* **GOAL OF THE EXERCISE**
Please reproduce, exactly and in full, the lines from the one containing "by (auto elim: Rats_unit_interval_cases)" to the end of the material below.

* **DATA EXTRACTS**
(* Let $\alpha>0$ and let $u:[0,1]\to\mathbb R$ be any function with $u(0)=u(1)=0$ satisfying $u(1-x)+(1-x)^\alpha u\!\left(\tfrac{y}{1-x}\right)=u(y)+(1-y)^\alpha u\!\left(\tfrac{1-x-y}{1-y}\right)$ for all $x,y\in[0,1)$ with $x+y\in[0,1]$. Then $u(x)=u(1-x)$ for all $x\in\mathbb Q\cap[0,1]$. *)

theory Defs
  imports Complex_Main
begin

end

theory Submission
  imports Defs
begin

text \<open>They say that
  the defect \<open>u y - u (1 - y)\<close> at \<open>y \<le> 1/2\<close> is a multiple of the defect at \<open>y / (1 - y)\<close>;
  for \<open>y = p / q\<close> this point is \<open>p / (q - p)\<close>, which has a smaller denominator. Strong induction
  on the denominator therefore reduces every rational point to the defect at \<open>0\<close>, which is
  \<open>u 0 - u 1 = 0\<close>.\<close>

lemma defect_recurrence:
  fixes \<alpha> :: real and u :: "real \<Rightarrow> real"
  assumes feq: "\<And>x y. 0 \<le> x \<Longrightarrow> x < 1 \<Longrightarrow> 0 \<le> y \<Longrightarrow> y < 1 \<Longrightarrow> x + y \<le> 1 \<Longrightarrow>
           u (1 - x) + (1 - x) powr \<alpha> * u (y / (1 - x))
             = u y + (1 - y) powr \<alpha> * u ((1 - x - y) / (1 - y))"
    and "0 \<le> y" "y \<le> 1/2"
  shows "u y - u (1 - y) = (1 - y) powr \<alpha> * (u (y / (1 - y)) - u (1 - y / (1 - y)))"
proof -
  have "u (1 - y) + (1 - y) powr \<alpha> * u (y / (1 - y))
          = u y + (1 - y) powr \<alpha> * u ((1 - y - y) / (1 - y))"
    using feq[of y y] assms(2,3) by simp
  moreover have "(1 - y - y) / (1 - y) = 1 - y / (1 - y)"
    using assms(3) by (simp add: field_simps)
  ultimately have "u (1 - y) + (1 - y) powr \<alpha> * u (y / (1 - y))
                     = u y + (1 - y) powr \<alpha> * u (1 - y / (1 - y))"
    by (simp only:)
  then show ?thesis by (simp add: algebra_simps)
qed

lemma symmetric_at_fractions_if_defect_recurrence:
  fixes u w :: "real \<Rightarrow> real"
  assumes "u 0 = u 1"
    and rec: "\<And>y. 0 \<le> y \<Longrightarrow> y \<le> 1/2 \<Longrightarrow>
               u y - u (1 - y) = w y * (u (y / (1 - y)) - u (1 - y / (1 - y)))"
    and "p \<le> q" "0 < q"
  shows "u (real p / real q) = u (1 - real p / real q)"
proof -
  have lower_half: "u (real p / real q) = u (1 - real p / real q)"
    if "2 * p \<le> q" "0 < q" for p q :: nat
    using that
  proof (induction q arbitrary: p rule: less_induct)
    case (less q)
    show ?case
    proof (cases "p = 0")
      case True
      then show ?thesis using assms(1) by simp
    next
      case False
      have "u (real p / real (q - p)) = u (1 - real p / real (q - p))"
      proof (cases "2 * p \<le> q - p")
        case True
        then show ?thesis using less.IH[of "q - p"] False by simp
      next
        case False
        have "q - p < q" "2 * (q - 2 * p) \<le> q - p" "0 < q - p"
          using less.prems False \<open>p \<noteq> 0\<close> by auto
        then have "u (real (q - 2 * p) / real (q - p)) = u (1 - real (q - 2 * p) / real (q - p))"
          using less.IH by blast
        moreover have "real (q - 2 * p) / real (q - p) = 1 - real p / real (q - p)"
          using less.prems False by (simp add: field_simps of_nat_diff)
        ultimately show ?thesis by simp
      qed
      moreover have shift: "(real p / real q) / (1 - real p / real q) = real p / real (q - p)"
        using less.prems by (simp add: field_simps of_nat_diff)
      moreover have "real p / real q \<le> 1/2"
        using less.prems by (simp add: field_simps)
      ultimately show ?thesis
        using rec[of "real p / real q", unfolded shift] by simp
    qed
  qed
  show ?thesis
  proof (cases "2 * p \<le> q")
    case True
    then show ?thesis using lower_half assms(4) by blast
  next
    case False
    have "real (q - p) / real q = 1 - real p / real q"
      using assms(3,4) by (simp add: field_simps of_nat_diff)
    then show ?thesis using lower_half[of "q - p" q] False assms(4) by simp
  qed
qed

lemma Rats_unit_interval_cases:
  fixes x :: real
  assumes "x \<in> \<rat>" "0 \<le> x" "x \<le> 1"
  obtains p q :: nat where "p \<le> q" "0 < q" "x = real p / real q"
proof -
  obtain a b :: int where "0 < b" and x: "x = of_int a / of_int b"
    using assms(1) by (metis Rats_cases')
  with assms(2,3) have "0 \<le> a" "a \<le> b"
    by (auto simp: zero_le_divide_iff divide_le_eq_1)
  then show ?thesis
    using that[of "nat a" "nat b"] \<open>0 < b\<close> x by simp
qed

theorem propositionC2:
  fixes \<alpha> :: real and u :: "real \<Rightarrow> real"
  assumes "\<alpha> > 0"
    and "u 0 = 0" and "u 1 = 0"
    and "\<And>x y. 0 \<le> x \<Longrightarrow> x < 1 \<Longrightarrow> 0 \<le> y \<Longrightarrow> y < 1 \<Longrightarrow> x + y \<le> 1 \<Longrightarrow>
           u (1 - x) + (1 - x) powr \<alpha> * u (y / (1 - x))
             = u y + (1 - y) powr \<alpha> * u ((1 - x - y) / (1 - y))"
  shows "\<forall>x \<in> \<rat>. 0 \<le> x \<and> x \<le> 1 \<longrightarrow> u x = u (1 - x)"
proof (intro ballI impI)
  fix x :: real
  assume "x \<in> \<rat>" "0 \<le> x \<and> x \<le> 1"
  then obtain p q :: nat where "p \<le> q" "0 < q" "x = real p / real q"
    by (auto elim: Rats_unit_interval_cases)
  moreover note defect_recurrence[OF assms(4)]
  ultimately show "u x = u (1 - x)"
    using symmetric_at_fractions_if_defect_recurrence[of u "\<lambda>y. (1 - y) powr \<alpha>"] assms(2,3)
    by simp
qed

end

* **OUTPUT OF THE EXERCISE**
    by (auto elim: Rats_unit_interval_cases)
  moreover note defect_recurrence[OF assms(4)]
  ultimately show "u x = u (1 - x)"
    using symmetric_at_fractions_if_defect_recurrence[of u "\<lambda>y. (1 - y) powr \<alpha>"] assms(2,3)
    by simp
qed

end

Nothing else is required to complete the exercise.